### INFORMATION SUPPLIED
***
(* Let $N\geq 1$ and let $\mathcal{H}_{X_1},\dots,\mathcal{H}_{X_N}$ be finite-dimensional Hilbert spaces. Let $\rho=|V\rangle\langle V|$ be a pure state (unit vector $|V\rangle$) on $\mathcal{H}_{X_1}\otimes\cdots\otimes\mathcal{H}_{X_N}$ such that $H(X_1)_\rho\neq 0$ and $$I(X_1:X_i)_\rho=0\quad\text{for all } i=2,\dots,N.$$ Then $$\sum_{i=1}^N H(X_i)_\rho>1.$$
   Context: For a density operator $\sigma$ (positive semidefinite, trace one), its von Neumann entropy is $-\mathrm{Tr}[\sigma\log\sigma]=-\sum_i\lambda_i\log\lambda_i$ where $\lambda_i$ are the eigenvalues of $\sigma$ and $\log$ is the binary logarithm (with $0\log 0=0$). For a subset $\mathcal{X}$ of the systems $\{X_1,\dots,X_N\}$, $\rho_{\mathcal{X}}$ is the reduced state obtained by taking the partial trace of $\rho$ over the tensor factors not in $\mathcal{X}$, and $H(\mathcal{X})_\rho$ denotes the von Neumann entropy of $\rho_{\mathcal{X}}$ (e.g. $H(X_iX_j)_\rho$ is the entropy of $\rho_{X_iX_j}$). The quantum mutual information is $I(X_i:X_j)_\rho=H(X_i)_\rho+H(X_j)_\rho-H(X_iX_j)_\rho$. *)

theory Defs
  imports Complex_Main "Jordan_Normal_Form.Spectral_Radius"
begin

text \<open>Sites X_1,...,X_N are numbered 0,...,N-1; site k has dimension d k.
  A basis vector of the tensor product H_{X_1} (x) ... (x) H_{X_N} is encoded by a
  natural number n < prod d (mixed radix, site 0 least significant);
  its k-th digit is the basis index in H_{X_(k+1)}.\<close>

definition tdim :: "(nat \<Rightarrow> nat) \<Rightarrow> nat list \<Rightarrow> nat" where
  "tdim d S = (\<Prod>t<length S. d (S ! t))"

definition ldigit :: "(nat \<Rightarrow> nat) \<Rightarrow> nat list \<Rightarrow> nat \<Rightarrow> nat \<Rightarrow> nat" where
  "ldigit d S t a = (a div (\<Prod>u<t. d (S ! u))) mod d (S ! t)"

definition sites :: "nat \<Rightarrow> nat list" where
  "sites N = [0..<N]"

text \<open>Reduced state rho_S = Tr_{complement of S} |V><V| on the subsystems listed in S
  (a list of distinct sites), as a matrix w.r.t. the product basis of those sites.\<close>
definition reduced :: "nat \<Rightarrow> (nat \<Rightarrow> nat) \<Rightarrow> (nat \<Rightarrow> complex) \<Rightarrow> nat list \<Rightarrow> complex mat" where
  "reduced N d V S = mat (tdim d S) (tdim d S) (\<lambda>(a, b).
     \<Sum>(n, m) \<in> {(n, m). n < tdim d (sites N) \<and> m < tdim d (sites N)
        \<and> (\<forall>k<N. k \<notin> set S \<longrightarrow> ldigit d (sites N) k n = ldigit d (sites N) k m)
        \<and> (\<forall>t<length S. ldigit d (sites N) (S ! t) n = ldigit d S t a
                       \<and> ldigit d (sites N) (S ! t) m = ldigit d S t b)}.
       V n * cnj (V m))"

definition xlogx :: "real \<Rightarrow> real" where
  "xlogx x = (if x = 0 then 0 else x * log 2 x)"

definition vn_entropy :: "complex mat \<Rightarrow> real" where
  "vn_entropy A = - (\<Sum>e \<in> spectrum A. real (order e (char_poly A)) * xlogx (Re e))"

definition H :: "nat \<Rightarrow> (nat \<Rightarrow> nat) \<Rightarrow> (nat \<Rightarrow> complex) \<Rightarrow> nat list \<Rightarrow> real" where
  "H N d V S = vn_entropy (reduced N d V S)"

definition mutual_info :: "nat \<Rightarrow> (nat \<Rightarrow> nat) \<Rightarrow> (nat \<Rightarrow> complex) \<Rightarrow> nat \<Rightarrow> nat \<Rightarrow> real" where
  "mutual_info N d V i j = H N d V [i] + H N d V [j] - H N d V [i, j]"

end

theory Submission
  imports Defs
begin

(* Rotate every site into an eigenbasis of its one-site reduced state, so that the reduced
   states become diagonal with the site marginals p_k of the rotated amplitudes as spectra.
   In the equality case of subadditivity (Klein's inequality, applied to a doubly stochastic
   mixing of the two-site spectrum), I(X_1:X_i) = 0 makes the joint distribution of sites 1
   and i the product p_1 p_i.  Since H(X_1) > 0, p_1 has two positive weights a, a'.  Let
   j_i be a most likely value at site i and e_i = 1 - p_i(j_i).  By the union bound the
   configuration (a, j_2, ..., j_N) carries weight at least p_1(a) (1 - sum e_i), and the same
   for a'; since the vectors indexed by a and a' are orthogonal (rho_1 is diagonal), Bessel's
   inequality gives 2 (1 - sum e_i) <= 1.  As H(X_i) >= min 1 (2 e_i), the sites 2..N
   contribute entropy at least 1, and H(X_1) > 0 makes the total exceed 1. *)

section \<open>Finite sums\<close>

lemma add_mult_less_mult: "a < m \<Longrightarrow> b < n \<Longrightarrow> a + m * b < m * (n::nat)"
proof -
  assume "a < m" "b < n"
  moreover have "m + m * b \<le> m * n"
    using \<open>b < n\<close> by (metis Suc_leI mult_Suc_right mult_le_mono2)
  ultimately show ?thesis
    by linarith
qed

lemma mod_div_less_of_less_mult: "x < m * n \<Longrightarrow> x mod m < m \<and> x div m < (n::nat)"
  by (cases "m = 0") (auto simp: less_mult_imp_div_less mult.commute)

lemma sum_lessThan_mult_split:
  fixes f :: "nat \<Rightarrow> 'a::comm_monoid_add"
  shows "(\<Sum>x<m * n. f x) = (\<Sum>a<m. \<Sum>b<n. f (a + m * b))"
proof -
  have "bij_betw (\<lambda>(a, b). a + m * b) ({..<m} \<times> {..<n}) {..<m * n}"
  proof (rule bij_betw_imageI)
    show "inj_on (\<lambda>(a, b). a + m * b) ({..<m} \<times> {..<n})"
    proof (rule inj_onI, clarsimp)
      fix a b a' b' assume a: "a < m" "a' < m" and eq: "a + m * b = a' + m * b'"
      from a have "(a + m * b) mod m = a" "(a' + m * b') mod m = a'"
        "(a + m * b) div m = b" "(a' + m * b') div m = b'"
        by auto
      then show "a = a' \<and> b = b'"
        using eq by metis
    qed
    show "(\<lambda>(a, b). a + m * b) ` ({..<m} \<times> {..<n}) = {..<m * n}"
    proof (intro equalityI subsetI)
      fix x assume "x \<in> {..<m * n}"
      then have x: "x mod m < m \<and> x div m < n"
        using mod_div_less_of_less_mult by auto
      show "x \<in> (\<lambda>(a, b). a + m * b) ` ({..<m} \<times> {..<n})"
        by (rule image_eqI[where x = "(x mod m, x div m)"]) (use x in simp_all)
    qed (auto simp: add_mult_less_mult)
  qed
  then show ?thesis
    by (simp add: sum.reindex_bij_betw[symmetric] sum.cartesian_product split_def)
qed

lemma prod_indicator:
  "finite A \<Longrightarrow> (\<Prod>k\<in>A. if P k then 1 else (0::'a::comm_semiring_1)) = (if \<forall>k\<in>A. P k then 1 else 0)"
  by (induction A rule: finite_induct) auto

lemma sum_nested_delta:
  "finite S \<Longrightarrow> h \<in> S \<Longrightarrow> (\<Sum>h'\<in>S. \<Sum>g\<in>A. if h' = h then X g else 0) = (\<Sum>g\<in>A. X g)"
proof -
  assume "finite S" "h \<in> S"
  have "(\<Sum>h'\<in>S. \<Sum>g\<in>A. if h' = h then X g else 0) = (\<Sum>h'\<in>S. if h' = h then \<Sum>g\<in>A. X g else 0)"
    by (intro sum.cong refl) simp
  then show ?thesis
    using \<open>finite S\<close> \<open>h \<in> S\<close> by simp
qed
***
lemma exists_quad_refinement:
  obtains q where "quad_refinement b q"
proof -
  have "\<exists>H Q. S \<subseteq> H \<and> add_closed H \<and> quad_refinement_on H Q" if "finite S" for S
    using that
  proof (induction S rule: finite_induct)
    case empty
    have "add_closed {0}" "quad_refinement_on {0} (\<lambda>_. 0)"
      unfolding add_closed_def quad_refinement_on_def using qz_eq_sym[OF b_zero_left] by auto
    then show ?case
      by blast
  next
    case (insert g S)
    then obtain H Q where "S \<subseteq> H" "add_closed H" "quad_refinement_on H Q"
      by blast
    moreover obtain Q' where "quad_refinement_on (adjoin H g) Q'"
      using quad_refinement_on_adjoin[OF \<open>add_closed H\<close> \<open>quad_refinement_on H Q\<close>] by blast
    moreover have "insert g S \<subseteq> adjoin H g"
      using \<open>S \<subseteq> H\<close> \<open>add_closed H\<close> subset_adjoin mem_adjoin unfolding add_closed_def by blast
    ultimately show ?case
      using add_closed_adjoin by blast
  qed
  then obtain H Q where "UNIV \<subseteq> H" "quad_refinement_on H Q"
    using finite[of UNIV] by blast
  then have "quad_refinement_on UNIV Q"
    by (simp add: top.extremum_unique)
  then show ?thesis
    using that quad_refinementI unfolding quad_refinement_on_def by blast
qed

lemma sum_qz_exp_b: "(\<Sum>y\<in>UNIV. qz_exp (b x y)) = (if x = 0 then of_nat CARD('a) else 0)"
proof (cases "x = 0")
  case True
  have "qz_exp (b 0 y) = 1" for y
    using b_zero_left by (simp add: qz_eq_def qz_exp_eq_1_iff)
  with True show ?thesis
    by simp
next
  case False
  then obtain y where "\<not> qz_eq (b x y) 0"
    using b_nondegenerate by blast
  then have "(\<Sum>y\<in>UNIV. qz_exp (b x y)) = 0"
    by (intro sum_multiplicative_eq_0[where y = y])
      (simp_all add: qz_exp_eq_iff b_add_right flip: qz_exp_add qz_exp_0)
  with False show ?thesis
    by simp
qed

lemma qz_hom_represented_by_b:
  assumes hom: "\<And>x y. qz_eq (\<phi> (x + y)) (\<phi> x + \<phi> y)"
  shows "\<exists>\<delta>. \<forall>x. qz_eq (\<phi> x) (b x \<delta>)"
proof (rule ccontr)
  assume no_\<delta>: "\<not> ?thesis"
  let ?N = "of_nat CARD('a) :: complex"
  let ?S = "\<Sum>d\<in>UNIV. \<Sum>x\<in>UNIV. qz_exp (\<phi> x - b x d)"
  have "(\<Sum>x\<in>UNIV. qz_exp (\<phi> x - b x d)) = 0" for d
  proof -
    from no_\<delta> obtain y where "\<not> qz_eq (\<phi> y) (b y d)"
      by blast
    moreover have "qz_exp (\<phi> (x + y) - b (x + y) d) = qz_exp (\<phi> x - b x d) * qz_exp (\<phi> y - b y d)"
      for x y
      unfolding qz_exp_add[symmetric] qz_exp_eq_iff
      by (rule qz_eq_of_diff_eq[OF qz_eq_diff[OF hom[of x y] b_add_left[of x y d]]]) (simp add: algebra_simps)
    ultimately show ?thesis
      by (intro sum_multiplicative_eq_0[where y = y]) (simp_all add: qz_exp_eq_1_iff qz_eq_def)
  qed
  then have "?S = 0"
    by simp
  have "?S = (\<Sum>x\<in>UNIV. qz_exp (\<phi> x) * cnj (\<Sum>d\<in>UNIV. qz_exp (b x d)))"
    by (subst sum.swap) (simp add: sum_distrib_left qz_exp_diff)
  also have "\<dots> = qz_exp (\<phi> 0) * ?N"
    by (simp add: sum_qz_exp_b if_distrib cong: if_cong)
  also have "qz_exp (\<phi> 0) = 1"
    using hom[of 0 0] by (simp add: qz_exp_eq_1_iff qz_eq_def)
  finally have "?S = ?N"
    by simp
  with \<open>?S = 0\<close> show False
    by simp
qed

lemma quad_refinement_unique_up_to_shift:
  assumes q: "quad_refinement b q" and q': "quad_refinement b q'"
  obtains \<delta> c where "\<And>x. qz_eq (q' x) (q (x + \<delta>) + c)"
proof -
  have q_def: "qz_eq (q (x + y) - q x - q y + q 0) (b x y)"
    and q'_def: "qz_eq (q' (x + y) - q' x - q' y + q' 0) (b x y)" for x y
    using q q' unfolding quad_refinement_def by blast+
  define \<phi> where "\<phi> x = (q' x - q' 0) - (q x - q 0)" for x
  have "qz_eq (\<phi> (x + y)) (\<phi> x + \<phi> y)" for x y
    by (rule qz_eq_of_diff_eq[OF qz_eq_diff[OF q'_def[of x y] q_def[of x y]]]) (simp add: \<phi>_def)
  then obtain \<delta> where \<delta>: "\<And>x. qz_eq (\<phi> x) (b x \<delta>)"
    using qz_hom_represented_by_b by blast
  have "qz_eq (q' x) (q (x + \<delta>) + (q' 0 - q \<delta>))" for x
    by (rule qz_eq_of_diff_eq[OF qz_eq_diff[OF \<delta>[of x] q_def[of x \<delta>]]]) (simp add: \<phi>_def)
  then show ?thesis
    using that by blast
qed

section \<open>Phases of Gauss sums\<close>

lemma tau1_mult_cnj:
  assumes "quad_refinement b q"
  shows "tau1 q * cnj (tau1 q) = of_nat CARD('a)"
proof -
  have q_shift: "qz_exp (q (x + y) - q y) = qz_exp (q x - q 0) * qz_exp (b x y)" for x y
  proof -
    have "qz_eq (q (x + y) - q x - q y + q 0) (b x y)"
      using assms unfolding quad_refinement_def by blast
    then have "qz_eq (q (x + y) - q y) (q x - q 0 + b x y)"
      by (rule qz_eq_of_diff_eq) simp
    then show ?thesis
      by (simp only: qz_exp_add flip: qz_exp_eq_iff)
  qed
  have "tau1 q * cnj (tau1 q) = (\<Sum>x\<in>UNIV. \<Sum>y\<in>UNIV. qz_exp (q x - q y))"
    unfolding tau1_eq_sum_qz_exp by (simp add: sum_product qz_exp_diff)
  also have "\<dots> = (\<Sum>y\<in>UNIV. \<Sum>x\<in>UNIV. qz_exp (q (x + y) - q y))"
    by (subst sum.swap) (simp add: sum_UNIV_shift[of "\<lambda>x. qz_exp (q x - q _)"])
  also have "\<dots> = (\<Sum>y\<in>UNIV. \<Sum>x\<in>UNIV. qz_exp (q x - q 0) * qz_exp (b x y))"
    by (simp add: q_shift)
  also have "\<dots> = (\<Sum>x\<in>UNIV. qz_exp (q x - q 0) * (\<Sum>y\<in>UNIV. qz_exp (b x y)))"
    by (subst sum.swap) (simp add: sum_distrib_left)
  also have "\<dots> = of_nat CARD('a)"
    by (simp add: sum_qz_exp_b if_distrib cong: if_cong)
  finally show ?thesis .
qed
***
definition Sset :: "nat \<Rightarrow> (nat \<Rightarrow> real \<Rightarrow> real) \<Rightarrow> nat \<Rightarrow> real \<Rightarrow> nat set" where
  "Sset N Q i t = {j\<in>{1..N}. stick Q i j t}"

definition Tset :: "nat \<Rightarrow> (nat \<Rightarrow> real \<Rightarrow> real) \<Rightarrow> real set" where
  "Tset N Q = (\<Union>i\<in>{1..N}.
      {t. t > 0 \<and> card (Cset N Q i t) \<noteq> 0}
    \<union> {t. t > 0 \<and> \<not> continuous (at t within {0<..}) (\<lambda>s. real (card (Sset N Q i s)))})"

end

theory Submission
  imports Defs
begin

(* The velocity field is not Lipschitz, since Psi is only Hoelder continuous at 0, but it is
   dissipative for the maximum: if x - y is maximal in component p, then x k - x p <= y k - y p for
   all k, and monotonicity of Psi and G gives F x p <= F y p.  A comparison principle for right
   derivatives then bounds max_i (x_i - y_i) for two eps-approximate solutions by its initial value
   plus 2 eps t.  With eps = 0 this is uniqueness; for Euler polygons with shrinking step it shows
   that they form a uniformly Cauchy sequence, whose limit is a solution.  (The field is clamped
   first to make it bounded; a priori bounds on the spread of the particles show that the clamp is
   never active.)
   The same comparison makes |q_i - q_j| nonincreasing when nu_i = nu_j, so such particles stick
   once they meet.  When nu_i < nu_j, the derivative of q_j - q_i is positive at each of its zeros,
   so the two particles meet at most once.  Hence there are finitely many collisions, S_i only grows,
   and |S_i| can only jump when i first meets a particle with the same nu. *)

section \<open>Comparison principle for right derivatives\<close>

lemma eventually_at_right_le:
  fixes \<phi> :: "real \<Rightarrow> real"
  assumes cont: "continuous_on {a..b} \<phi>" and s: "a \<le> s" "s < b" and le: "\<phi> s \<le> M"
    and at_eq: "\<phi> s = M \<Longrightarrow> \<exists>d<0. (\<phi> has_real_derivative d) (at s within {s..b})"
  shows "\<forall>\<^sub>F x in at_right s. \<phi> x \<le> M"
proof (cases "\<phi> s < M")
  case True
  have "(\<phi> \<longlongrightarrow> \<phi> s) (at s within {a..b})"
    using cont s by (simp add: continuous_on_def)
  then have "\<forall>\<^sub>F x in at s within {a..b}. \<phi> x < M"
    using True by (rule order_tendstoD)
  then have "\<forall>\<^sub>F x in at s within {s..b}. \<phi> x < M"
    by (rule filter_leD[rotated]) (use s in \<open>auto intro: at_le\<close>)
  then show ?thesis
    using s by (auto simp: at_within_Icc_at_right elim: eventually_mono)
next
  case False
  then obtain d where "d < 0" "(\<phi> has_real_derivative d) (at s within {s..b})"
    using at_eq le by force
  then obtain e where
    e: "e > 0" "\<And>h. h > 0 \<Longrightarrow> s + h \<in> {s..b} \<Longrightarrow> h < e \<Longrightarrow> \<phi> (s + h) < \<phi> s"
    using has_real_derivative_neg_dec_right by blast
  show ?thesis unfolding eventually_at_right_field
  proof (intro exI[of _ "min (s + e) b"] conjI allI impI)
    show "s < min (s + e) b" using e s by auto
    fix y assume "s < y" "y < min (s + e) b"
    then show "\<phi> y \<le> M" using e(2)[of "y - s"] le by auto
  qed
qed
***
### WHAT IS EXPECTED
Find out how many lines in the listing contain the word "unfolding", and respond with that number only.

### RESPONSE BOX
8